The federated learning paradigm has motivated the development of methods for aggregating multiple client updates into a global server model, without sharing client data. Many federated learning algorithms, including the canonical Federated Averaging (FedAvg), take a direct (possibly weighted) average of the client parameter updates, motivated by results in distributed optimization. In this work, we adopt a function space perspective and propose a new algorithm, FedFish, that aggregates local approximations to the functions learned by clients, using an estimate based on their Fisher information. We evaluate FedFish on realistic, large-scale cross-device benchmarks. While the performance of FedAvg can suffer as client models drift further apart, we demonstrate that FedFish is more robust to longer local training. Our evaluation across several settings in image and language benchmarks shows that FedFish outperforms FedAvg as local training epochs increase. Further, FedFish results in global networks that are more amenable to efficient personalization via local fine-tuning on the same or shifted data distributions. For instance, federated pretraining on the C4 dataset, followed by few-shot personalization on Stack Overflow, results in a 7% improvement in next-token prediction by FedFish over FedAvg.
Paper Structure (41 sections, 10 equations, 10 figures, 6 tables, 2 algorithms)

This paper contains 41 sections, 10 equations, 10 figures, 6 tables, 2 algorithms.

Figures (10)

  • Figure 1: Given two functions modeled over disjoint supports (left), a direct parameter average fails to represent either function well (center), while function space aggregation aims to preserve both functional relationships (right).
  • Figure 2: As heterogeneity across clients increases (top left$\rightarrow$top right$\rightarrow$bottom left), FedAvg deteriorates, while FedFish matches predictions of both client models. For each setting shown and each client within it, the FedFish global model has lower barrier to the clients (bottom right).
  • Figure 3: Training on EMNIST with FedFish converges faster and to a higher global accuracy (left) and post-personalization accuracy (right) than training with FedAvg, across varying numbers of local epochs. Results are shown with fixed compute across configurations: each training iteration corresponds to a local epoch, and each marker indicates 100 federated communication rounds.
  • Figure 4: Global and post-personalization performance in terms of classification accuracy on CIFAR100 (left) and next-token prediction accuracy on Stack Overflow (right).

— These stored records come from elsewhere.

lemma sq_vec_index_le_sqnorm:
  assumes "i < dim_vec (v :: real vec)"
  shows "(v $ i)\<^sup>2 \<le> sqnorm v"
proof -
  have "(v $ i)\<^sup>2 = (\<Sum>j\<in>{i}. v $ j * v $ j)" by (simp add: power2_eq_square)
  also have "\<dots> \<le> (\<Sum>j<dim_vec v. v $ j * v $ j)" using assms by (intro sum_mono2) auto
  finally show ?thesis unfolding sqnorm_def scalar_prod_as_sum .
qed

lemma abs_vec_index_le_sqrt_sqnorm:
  "i < dim_vec (v :: real vec) \<Longrightarrow> \<bar>v $ i\<bar> \<le> sqrt (sqnorm v)"
  using real_sqrt_le_mono[OF sq_vec_index_le_sqnorm] by simp

lemma sqnorm_add:
  assumes "u \<in> carrier_vec n" and "w \<in> carrier_vec n"
  shows "sqnorm (u + w) = sqnorm u + 2 * (u \<bullet> w) + sqnorm (w :: real vec)"
proof -
  have "(\<Sum>i<n. (u $ i + w $ i) * (u $ i + w $ i))
      = (\<Sum>i<n. u $ i * u $ i) + 2 * (\<Sum>i<n. u $ i * w $ i) + (\<Sum>i<n. w $ i * w $ i)"
    by (simp add: algebra_simps sum.distrib sum_distrib_left)
  then show ?thesis using assms unfolding sqnorm_def scalar_prod_as_sum by simp
qed

lemma sqnorm_diff_smult:
  assumes "v \<in> carrier_vec n" and "a \<in> carrier_vec n"
  shows "sqnorm (v - s \<cdot>\<^sub>v a) = sqnorm v - 2 * s * (a \<bullet> v) + s\<^sup>2 * sqnorm (a :: real vec)"
proof -
  have "(\<Sum>i<n. (v $ i - s * a $ i) * (v $ i - s * a $ i))
      = (\<Sum>i<n. v $ i * v $ i) - 2 * s * (\<Sum>i<n. a $ i * v $ i) + s\<^sup>2 * (\<Sum>i<n. a $ i * a $ i)"
    by (simp add: algebra_simps sum.distrib sum_subtractf sum_distrib_left power2_eq_square)
  then show ?thesis using assms unfolding sqnorm_def scalar_prod_as_sum by simp
qed

definition tendsto_vec :: "(nat \<Rightarrow> real vec) \<Rightarrow> real vec \<Rightarrow> bool" where
  "tendsto_vec x L \<longleftrightarrow> (\<forall>i<dim_vec L. (\<lambda>t. x t $ i) \<longlonglongrightarrow> L $ i)"

lemma tendsto_vec_add:
  assumes "tendsto_vec x L" and "tendsto_vec y K" and "\<forall>t. y t \<in> carrier_vec n"
    and "L \<in> carrier_vec n" and "K \<in> carrier_vec n"
  shows "tendsto_vec (\<lambda>t. x t + y t) (L + K)"
  unfolding tendsto_vec_def
proof (intro allI impI)
  fix i assume "i < dim_vec (L + K)"
  then have i: "i < n" using assms by simp
  have "(\<lambda>t. x t $ i + y t $ i) \<longlonglongrightarrow> L $ i + K $ i"
    using assms i by (intro tendsto_add) (auto simp: tendsto_vec_def)
  moreover have "(x t + y t) $ i = x t $ i + y t $ i" for t
    using carrier_vecD[OF assms(3)[rule_format]] i by simp
  ultimately show "(\<lambda>t. (x t + y t) $ i) \<longlonglongrightarrow> (L + K) $ i"
    using assms(4,5) i by simp
qed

Varying number of local training epochs can significantly impact FedAvg performance while FedFish remains relatively robust to this.
  • Figure 5: Transfer (global and post-personalization) performance in terms of next-token prediction after federated pretraining on C4 and evaluating on C4 (left), Stack Overflow (center) and CC-News (right). Personalizing with 0%, 25% or 50% of held-out client data results in FedFish outperforming FedAvg, especially with longer local training.